Starting at the line containing "(Leaf m) []" and ending at the line containing "decision_tree \<Rightarrow> ('f", print every line of the material below exactly, both ends included, and stop there.

-------- Stored data --------

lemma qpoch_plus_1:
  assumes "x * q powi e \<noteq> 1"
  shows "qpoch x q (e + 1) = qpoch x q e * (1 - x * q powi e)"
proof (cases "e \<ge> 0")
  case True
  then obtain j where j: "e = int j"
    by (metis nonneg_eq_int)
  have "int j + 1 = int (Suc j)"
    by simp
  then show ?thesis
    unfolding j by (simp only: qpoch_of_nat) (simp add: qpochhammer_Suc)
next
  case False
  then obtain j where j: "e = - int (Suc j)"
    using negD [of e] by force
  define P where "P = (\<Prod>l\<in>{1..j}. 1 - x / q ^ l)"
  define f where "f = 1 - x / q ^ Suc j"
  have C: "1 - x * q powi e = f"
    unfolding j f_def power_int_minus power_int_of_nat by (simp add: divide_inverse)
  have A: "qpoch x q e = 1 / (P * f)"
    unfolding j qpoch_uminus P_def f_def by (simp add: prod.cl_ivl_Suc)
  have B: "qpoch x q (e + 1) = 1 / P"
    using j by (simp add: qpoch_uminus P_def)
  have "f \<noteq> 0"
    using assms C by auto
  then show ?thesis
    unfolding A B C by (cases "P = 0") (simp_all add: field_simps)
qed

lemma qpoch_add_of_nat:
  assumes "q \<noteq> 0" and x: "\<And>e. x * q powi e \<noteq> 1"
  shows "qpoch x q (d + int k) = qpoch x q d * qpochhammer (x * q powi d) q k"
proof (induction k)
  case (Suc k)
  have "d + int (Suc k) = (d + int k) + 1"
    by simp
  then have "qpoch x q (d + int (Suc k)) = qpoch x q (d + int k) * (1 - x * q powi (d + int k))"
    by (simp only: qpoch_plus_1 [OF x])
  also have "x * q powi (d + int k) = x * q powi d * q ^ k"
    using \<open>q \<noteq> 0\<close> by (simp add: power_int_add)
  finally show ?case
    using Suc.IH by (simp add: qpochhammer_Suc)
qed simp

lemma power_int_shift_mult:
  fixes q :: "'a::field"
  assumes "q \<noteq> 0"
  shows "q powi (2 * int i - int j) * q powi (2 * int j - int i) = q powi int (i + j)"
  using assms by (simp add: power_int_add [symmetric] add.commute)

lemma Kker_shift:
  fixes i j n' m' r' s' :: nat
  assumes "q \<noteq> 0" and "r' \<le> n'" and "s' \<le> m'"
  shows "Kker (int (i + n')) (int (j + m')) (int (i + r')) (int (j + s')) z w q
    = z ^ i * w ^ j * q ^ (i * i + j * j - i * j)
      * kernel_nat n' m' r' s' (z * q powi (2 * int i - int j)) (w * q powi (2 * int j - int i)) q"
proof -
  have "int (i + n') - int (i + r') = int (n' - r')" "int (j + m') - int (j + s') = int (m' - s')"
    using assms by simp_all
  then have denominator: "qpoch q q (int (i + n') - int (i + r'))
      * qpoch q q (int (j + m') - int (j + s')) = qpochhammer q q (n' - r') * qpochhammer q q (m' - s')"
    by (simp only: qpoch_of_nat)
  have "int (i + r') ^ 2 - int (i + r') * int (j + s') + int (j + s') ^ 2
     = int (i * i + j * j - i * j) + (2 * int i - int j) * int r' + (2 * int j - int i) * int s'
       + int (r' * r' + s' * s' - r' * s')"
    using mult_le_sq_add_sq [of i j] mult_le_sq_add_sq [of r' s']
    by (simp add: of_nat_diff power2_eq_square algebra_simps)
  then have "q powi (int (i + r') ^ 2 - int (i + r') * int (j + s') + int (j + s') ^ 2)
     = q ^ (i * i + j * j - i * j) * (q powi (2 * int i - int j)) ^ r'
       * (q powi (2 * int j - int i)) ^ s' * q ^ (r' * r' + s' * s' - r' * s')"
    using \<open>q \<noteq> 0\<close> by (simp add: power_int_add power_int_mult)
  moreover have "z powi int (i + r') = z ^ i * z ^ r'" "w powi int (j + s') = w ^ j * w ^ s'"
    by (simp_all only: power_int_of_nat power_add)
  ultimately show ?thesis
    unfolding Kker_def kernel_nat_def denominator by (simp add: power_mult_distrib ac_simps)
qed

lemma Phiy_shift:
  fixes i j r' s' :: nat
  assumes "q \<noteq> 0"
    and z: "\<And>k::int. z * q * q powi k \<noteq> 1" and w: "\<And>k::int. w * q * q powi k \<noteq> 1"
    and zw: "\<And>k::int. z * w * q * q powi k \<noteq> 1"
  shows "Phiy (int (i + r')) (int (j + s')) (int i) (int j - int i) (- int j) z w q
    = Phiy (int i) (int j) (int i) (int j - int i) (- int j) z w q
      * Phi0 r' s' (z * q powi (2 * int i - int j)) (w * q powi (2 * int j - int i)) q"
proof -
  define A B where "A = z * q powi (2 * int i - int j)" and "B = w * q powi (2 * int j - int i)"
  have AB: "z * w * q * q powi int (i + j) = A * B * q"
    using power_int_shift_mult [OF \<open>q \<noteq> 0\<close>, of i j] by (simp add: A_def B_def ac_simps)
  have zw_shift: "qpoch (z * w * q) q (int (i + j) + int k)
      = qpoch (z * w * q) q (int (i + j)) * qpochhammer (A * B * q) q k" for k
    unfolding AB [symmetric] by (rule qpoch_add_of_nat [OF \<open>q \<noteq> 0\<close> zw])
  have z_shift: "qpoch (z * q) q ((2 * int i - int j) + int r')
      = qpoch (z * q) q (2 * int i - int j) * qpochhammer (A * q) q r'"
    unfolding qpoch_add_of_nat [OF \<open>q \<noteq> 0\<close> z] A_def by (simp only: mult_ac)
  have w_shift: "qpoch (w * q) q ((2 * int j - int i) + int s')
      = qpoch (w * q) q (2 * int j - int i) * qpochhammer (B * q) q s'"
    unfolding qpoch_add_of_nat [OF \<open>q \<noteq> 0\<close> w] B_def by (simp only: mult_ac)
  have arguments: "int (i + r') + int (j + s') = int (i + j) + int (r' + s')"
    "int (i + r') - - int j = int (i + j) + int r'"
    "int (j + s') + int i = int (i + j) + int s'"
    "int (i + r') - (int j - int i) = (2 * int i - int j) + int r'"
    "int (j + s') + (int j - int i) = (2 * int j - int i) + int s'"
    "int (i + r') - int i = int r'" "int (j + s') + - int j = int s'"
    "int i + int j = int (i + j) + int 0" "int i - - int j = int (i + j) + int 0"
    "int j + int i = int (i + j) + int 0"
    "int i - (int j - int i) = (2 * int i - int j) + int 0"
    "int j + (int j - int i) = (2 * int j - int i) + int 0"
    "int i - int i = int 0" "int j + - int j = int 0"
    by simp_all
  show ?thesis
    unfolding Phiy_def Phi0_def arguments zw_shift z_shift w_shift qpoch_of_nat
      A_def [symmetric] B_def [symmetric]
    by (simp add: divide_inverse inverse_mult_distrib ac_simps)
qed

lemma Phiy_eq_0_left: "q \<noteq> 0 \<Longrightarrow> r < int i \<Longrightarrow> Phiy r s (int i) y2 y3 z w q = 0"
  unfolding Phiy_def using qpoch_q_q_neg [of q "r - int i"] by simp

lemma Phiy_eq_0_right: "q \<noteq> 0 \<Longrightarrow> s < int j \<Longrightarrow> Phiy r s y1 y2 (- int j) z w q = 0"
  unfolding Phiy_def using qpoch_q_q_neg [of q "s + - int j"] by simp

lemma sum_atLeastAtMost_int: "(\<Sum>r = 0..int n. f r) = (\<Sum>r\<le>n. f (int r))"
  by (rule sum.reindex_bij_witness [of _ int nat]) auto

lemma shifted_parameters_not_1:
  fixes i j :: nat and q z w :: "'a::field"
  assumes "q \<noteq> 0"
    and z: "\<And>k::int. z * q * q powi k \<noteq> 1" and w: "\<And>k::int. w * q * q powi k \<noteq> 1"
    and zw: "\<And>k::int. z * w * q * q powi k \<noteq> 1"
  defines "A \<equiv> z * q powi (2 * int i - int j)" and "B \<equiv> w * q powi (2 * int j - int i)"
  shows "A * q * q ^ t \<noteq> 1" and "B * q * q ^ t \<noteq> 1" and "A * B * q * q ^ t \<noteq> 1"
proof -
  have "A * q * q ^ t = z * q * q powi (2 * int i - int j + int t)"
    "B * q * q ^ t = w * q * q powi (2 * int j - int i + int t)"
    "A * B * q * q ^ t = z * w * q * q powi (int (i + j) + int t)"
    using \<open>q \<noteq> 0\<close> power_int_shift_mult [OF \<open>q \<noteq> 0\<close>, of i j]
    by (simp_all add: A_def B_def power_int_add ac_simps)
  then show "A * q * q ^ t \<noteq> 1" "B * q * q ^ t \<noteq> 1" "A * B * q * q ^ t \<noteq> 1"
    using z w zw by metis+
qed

--------
-------- Stored data --------

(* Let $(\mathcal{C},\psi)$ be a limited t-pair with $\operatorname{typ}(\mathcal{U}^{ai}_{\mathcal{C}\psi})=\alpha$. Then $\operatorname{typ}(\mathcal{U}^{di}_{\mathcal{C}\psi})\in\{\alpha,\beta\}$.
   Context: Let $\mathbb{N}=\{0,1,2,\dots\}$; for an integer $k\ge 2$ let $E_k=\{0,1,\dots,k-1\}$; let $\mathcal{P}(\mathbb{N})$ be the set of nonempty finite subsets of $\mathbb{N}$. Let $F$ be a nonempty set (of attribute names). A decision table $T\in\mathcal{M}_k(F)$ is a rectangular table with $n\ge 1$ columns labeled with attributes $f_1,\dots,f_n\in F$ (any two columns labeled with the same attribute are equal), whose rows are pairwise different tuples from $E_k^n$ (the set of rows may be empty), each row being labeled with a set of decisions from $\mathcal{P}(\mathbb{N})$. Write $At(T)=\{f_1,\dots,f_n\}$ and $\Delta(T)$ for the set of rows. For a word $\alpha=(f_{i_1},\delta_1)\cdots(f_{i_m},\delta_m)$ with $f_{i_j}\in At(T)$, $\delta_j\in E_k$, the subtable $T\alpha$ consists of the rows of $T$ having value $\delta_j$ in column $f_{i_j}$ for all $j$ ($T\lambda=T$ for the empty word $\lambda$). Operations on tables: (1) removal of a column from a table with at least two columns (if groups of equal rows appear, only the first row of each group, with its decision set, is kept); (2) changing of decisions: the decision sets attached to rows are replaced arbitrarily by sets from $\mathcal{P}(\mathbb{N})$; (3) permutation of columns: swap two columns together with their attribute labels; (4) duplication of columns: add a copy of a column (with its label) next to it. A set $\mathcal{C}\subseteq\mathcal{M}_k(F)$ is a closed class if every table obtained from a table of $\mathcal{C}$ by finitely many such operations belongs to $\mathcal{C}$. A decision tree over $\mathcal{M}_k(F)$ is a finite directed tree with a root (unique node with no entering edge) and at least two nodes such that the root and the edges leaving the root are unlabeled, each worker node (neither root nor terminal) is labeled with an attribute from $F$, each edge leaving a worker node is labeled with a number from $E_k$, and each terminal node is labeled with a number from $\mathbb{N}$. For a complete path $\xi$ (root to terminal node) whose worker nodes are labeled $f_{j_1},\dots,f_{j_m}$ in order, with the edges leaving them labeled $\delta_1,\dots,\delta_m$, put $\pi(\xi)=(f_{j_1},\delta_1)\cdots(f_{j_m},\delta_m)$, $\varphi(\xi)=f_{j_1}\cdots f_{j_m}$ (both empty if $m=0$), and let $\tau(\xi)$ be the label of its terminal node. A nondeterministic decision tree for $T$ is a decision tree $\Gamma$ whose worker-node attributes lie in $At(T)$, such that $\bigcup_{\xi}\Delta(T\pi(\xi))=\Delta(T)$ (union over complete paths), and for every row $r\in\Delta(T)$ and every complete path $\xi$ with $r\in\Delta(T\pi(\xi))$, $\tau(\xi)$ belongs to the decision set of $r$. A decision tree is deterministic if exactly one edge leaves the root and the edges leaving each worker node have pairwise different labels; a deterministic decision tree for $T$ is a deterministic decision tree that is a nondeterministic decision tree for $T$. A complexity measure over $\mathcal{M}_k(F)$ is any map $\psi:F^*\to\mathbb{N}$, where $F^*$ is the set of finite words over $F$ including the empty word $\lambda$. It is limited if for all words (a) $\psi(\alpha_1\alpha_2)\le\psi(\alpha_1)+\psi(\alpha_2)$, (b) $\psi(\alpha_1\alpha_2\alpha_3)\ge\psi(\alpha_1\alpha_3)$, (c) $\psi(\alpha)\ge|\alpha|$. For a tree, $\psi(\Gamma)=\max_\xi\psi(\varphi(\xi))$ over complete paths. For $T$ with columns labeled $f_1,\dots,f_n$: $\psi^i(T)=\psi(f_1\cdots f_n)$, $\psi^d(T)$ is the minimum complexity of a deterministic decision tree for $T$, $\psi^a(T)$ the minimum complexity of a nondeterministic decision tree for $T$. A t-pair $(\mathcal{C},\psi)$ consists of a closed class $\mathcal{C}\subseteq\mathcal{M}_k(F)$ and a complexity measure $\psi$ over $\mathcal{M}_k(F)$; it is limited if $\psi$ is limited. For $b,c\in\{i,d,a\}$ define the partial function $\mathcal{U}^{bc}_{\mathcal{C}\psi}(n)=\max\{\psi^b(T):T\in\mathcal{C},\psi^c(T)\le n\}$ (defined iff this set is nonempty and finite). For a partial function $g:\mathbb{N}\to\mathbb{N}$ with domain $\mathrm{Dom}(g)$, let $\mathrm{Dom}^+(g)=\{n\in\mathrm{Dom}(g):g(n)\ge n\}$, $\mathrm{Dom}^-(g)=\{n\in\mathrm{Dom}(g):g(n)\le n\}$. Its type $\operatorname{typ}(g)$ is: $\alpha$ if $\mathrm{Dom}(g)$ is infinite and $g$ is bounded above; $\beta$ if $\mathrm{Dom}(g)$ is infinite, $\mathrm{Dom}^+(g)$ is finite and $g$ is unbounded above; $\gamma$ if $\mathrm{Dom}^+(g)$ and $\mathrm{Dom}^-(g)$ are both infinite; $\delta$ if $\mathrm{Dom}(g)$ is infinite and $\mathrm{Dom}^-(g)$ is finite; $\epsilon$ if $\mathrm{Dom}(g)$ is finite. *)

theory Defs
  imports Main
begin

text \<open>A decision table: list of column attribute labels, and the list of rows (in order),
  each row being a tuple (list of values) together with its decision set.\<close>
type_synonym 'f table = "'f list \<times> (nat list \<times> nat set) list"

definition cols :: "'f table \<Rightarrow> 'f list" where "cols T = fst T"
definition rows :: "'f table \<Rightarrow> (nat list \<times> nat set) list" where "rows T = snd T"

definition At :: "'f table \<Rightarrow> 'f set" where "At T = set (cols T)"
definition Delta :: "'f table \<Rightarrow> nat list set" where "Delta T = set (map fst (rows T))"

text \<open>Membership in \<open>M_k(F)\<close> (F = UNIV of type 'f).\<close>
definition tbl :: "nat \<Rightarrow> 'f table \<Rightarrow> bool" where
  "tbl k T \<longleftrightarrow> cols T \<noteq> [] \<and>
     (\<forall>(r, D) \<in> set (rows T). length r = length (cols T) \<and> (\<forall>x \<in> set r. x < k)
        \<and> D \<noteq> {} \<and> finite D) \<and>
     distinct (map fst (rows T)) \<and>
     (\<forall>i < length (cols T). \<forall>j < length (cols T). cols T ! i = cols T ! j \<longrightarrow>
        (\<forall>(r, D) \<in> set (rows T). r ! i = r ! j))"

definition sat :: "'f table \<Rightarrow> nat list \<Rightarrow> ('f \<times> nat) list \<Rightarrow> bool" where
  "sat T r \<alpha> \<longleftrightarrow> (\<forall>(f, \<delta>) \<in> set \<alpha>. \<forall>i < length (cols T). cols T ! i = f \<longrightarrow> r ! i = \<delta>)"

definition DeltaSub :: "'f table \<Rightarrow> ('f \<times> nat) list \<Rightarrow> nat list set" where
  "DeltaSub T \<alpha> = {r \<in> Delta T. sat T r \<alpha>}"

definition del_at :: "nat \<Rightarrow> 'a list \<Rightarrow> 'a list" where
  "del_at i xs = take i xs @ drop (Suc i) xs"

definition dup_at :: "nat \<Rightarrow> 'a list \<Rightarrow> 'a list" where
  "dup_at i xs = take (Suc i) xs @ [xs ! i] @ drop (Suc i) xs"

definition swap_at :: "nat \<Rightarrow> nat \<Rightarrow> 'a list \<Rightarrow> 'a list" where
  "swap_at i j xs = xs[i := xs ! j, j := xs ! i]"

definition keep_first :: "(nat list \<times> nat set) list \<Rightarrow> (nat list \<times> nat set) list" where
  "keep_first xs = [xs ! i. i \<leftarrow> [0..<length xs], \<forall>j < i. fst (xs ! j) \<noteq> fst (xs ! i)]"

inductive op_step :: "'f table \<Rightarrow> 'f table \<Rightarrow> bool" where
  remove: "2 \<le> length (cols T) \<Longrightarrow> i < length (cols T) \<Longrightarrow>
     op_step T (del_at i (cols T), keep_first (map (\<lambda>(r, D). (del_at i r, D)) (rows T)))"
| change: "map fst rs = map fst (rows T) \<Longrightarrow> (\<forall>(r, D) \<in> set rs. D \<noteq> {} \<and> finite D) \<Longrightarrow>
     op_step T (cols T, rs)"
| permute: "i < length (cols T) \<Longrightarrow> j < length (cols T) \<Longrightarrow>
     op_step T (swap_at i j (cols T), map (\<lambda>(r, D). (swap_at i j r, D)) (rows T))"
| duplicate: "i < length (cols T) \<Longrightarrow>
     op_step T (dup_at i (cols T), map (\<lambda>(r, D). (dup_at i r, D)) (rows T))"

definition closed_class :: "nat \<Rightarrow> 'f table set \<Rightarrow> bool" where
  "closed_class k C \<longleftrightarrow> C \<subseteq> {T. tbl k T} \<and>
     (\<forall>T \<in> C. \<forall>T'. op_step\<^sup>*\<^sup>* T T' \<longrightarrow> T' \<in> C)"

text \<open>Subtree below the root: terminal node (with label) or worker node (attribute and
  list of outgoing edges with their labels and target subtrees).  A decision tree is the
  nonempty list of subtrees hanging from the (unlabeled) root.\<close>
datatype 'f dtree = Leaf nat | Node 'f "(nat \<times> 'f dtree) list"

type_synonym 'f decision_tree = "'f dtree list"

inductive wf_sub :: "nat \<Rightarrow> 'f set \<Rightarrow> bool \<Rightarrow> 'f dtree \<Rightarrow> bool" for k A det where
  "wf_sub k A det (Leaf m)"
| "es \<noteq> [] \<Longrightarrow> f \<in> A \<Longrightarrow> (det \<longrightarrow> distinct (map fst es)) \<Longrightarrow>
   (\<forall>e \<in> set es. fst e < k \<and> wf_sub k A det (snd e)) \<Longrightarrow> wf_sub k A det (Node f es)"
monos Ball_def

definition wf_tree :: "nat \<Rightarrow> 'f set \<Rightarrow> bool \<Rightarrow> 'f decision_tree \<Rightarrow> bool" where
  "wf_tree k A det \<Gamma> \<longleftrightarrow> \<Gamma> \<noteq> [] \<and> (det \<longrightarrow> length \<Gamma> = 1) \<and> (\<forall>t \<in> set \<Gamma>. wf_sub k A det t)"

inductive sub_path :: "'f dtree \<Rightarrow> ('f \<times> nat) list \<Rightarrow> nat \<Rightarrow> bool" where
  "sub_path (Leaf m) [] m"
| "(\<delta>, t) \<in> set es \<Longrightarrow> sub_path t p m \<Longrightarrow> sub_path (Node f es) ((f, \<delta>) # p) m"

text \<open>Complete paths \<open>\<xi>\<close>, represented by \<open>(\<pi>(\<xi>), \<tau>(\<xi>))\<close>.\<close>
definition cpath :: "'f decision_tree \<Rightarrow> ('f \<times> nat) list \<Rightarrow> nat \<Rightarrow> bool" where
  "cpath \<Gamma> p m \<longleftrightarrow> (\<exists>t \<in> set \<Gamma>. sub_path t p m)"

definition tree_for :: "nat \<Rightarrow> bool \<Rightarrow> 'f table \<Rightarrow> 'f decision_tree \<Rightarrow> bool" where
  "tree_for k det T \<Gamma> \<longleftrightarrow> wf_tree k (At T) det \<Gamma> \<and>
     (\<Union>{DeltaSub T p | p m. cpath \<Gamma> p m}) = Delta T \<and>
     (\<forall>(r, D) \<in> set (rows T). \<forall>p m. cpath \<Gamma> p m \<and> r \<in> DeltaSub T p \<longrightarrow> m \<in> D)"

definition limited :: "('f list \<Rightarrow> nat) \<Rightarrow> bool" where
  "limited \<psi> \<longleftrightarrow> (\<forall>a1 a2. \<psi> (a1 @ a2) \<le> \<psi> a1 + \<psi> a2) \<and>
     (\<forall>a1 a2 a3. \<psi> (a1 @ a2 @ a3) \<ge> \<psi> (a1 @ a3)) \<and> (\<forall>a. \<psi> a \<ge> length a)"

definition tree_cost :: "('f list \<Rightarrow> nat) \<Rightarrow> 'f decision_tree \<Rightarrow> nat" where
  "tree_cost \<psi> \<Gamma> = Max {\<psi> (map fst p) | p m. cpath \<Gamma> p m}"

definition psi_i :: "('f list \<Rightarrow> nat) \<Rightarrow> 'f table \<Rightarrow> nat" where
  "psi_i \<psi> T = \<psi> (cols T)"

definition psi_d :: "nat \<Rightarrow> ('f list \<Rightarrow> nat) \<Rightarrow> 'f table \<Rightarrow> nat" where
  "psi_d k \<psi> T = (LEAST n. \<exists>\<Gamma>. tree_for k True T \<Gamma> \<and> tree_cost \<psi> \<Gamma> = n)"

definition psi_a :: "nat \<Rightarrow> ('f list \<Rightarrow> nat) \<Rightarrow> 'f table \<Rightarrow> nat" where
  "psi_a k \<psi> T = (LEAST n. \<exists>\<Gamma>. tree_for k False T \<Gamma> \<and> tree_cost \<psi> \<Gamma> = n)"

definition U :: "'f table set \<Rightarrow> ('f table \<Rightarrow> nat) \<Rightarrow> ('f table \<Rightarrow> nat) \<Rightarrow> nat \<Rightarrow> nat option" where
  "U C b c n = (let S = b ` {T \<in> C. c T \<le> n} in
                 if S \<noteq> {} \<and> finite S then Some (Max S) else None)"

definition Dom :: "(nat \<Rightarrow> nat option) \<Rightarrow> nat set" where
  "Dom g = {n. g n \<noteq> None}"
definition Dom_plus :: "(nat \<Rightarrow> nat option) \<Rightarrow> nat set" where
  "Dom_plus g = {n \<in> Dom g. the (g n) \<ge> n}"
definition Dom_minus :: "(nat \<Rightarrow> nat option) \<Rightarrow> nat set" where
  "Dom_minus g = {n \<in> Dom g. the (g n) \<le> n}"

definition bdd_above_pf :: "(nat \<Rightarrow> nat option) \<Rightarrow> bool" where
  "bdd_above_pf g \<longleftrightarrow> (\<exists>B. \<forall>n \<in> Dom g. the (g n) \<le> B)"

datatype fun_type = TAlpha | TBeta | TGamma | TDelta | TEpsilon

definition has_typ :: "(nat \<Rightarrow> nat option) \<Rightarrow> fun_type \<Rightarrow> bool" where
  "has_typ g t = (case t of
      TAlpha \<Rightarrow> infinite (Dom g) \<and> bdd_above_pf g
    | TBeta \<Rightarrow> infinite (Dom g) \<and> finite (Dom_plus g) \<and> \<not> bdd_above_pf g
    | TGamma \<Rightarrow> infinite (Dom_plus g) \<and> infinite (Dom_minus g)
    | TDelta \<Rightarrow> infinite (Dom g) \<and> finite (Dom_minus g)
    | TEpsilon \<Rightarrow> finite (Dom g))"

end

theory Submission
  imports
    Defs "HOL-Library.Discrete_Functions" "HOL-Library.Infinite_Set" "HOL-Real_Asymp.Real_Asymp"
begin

--------

## Written response
  "sub_path (Leaf m) [] m"
| "(\<delta>, t) \<in> set es \<Longrightarrow> sub_path t p m \<Longrightarrow> sub_path (Node f es) ((f, \<delta>) # p) m"

text \<open>Complete paths \<open>\<xi>\<close>, represented by \<open>(\<pi>(\<xi>), \<tau>(\<xi>))\<close>.\<close>
definition cpath :: "'f decision_tree \<Rightarrow> ('f \<times> nat) list \<Rightarrow> nat \<Rightarrow> bool" where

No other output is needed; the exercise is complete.